14 Şeffaflık ilkesi.

15 Konfor prensibi: sistem, kararların bir kişi tarafından doğrulanması, geliştirilmesi, benimsenmesi ve uygulanmasının yaratıcı süreçleri için maksimum kolaylık sağlamalıdır.

7. KATEGORİ OLARAK DAVRANIŞ

Davranış - sabit veya değişen koşullarda nispeten uzun bir süre boyunca gerçekleştirilen bir dizi eylem. Davranış, bir bütün olarak tüm eylemleri kapsar ve niyetler, motivasyonlar vb. gibi yerel göstergelerden bağımsız olarak ahlaki bir değerlendirme yapmalarına izin verir, yani davranış, bir kişinin ahlaki değerlendirmesi için bir eylemden, güdüden, araçtan, hedeften daha fazla zemin sağlar. bir sistem olduğundan, nispeten istikrarlı bir olgudur.
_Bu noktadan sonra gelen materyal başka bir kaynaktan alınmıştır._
(* Let $f$ be an entire function on $\mathbb{C}$ which is not identically zero. Then the vector-valued holomorphic functions $\Phi_f$ and $\Psi_f$ on $\mathbb{C}^k$ are not identically zero.
   Context: Fix an integer $k\ge 2$. Use coordinates $s=(s_1,\dots,s_k)$ on $\mathbb{C}^k$, set $s_0:=1$, $P_s(z):=\sum_{h=0}^k(-1)^hs_hz^{k-h}$ and $P_s'(z):=\partial_zP_s(z)$. Let $E(z):=(1,z,\dots,z^{k-1})^T$. For an entire function $f$, define the $\mathbb{C}^k$-valued holomorphic functions $$\Phi_f(s):=\frac{1}{2i\pi}\int_{|\zeta|=R}\frac{f(\zeta)E(\zeta)\,d\zeta}{P_s(\zeta)},\qquad \Psi_f(s):=\frac{1}{2i\pi}\int_{|\zeta|=R}\frac{f(\zeta)E(\zeta)P'_s(\zeta)\,d\zeta}{P_s(\zeta)},$$ where $R$ is large enough that all roots of $P_s$ lie in $\{|\zeta|<R\}$ (the integrals do not depend on such $R$). *)

theory Defs
  imports "HOL-Complex_Analysis.Complex_Analysis"
begin

text \<open>Coordinates s = (s_1,...,s_k) of C^k are encoded as a function nat => complex;
  only the values s 1, ..., s k matter, and s_0 := 1 is imposed in the definition.\<close>

definition coordP :: "(nat \<Rightarrow> complex) \<Rightarrow> nat \<Rightarrow> complex" where
  "coordP s h = (if h = 0 then 1 else s h)"

definition Ppoly :: "nat \<Rightarrow> (nat \<Rightarrow> complex) \<Rightarrow> complex \<Rightarrow> complex" where
  "Ppoly k s z = (\<Sum>h=0..k. (-1)^h * coordP s h * z ^ (k - h))"

text \<open>A radius strictly exceeding the modulus of every root (Cauchy bound);
  the integrals do not depend on any such choice.\<close>
definition rootRadius :: "nat \<Rightarrow> (nat \<Rightarrow> complex) \<Rightarrow> real" where
  "rootRadius k s = 1 + (\<Sum>h=1..k. cmod (s h))"

definition PhiF :: "nat \<Rightarrow> (complex \<Rightarrow> complex) \<Rightarrow> (nat \<Rightarrow> complex) \<Rightarrow> nat \<Rightarrow> complex" where
  "PhiF k f s j = contour_integral (circlepath 0 (rootRadius k s))
      (\<lambda>\<zeta>. f \<zeta> * \<zeta> ^ j / Ppoly k s \<zeta>) / (2 * \<i> * pi)"

definition PsiF :: "nat \<Rightarrow> (complex \<Rightarrow> complex) \<Rightarrow> (nat \<Rightarrow> complex) \<Rightarrow> nat \<Rightarrow> complex" where
  "PsiF k f s j = contour_integral (circlepath 0 (rootRadius k s))
      (\<lambda>\<zeta>. f \<zeta> * \<zeta> ^ j * deriv (Ppoly k s) \<zeta> / Ppoly k s \<zeta>) / (2 * \<i> * pi)"

end

theory Submission
  imports Defs
begin

text \<open>Pick a with f a \<noteq> 0. For the s with P_s(z) = z^(k-1) (z - a), the last component of
  Phi_f has integrand f(z)/(z - a), so by Cauchy's formula it equals f a. For the s with
  P_s(z) = (z - a)^k, the logarithmic derivative P_s'/P_s is k/(z - a), so the first component
  of Psi_f equals k f a.\<close>

lemma contour_integral_circlepath_simple_pole:
  fixes f g :: "complex \<Rightarrow> complex"
  assumes holf: "f holomorphic_on cball 0 R" and a: "cmod a < R"
    and g: "\<And>u. cmod u = R \<Longrightarrow> g u = c * (f u / (u - a))"
  shows "contour_integral (circlepath 0 R) g / (2 * \<i> * pi) = c * f a"
proof -
  have "R \<ge> 0" using a norm_ge_zero[of a] by linarith
  then have "contour_integral (circlepath 0 R) g
      = contour_integral (circlepath 0 R) (\<lambda>u. c * (f u / (u - a)))"
    by (intro contour_integral_eq) (simp add: g)
  also have "\<dots> = c * (2 * of_real pi * \<i> * f a)"
    using a by (intro contour_integral_unique has_contour_integral_lmul
        Cauchy_integral_circlepath_simple[OF holf]) simp
  finally show ?thesis by (simp add: field_simps)
qed

lemma norm_coeff_less_rootRadius:
  assumes "i \<in> {1..k}"
  shows "cmod (s i) < rootRadius k s"
  using member_le_sum[OF assms, of "\<lambda>h. cmod (s h)"] unfolding rootRadius_def by simp

lemma Ppoly_single_coeff:
  assumes "k \<ge> 1"
  shows "Ppoly k (\<lambda>h. if h = 1 then a else 0) z = z ^ (k - 1) * (z - a)"
proof -
  have "Ppoly k (\<lambda>h. if h = 1 then a else 0) z
      = (\<Sum>h=0..k. if h = 0 then z ^ k else if h = 1 then - a * z ^ (k - 1) else 0)"
    unfolding Ppoly_def coordP_def by (rule sum.cong) auto
  also have "\<dots> = z ^ k - a * z ^ (k - 1)"
    using assms by (simp add: sum.If_cases)
  also have "\<dots> = z ^ (k - 1) * (z - a)"
    using assms by (cases k) (simp_all add: algebra_simps)
  finally show ?thesis .
qed

lemma Ppoly_binomial_coeffs:
  "Ppoly k (\<lambda>h. of_nat (k choose h) * a ^ h) = (\<lambda>z. (z - a) ^ k)"
proof
  fix z
  have "(z - a) ^ k = (\<Sum>h\<le>k. of_nat (k choose h) * (-a) ^ h * z ^ (k - h))"
    using binomial_ring[of "-a" z k] by simp
  also have "\<dots> = Ppoly k (\<lambda>h. of_nat (k choose h) * a ^ h) z"
    unfolding Ppoly_def coordP_def atMost_atLeast0
    by (rule sum.cong) (simp_all add: power_minus[of a])
  finally show "Ppoly k (\<lambda>h. of_nat (k choose h) * a ^ h) z = (z - a) ^ k" ..
qed

lemma PhiF_single_coeff:
  assumes k: "k \<ge> 1" and holf: "f holomorphic_on UNIV"
  shows "PhiF k f (\<lambda>h. if h = 1 then a else 0) (k - 1) = f a"
proof -
  let ?s = "\<lambda>h. if h = 1 then a else 0"
  have a: "cmod a < rootRadius k ?s"
    using norm_coeff_less_rootRadius[of 1 k ?s] k by simp
  have "PhiF k f ?s (k - 1) = 1 * f a"
    unfolding PhiF_def
  proof (rule contour_integral_circlepath_simple_pole[OF holomorphic_on_subset[OF holf] a])
    fix u :: complex
    assume "cmod u = rootRadius k ?s"
    with a have "u \<noteq> 0" by auto
    then show "f u * u ^ (k - 1) / Ppoly k ?s u = 1 * (f u / (u - a))"
      unfolding Ppoly_single_coeff[OF k] by simp
  qed simp
  then show ?thesis by simp
qed

lemma PsiF_binomial_coeffs:
  assumes k: "k \<ge> 1" and holf: "f holomorphic_on UNIV"
  shows "PsiF k f (\<lambda>h. of_nat (k choose h) * a ^ h) 0 = of_nat k * f a"
proof -
  let ?s = "\<lambda>h. of_nat (k choose h) * a ^ h :: complex"
  have "cmod a \<le> cmod (?s 1)"
    using k by (simp add: norm_mult mult_le_cancel_right1)
  also have "\<dots> < rootRadius k ?s"
    using norm_coeff_less_rootRadius[of 1 k ?s] k by simp
  finally have a: "cmod a < rootRadius k ?s" .
  have deriv_power: "deriv (\<lambda>z. (z - a) ^ k) u = of_nat k * (u - a) ^ (k - 1)" for u
    by (rule DERIV_imp_deriv) (auto intro!: derivative_eq_intros)
  show ?thesis
    unfolding PsiF_def
  proof (rule contour_integral_circlepath_simple_pole[OF holomorphic_on_subset[OF holf] a])
    fix u :: complex
    assume "cmod u = rootRadius k ?s"
    with a have "u - a \<noteq> 0" by auto
    moreover have "(u - a) ^ k = (u - a) ^ (k - 1) * (u - a)"
      using k by (cases k) simp_all
    ultimately show "f u * u ^ 0 * deriv (Ppoly k ?s) u / Ppoly k ?s u
        = of_nat k * (f u / (u - a))"
      by (simp add: Ppoly_binomial_coeffs deriv_power)
  qed simp
qed

theorem mainTheorem2:
  fixes k :: nat and f :: "complex \<Rightarrow> complex"
  assumes "k \<ge> 2"
    and "f holomorphic_on UNIV"
    and "\<exists>z. f z \<noteq> 0"
  shows "(\<exists>s. \<exists>j<k. PhiF k f s j \<noteq> 0) \<and> (\<exists>s. \<exists>j<k. PsiF k f s j \<noteq> 0)"
proof -
  obtain a where fa: "f a \<noteq> 0" using assms(3) by blast
  have k: "k \<ge> 1" using assms(1) by simp
  have "PhiF k f (\<lambda>h. if h = 1 then a else 0) (k - 1) \<noteq> 0"
    using PhiF_single_coeff[OF k assms(2)] fa by simp
  moreover have "PsiF k f (\<lambda>h. of_nat (k choose h) * a ^ h) 0 \<noteq> 0"
    using PsiF_binomial_coeffs[OF k assms(2)] fa k by simp
  ultimately show ?thesis using k by (metis diff_less less_le_trans zero_less_one)
qed

end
Bireylerin ve grupların davranışlarının düzenleyicileri devletin yasal normları ve kararnameleri (siyasi düzenleyiciler), üretim ve idari düzenlemeler, örgütsel tüzükler ve talimatlar (örgütsel düzenleyiciler), gelenekler, gelenekler, kamuoyu (kamu düzenleyicileri), ahlak (ahlaki normlar sistemi).

Organizasyon davranışı makroekonomik, politik, bilimsel ve teknik bileşenleri (kuruluşla ilgili objektif) ve ayrıca kuruluşun faaliyet gösterdiği pazardaki durumu, mevcut durumunun özelliklerini, gelişme beklentilerini, kültürünü (gelenekler, gelenekler, liderlik) düzenler. stil, dikey ve yatay ilişkiler vb.) ve liderliğinin potansiyeli (önceki faaliyetlerin sonucu ve deneyimi, yeterlilik ve ahlak seviyesinin tezahürü).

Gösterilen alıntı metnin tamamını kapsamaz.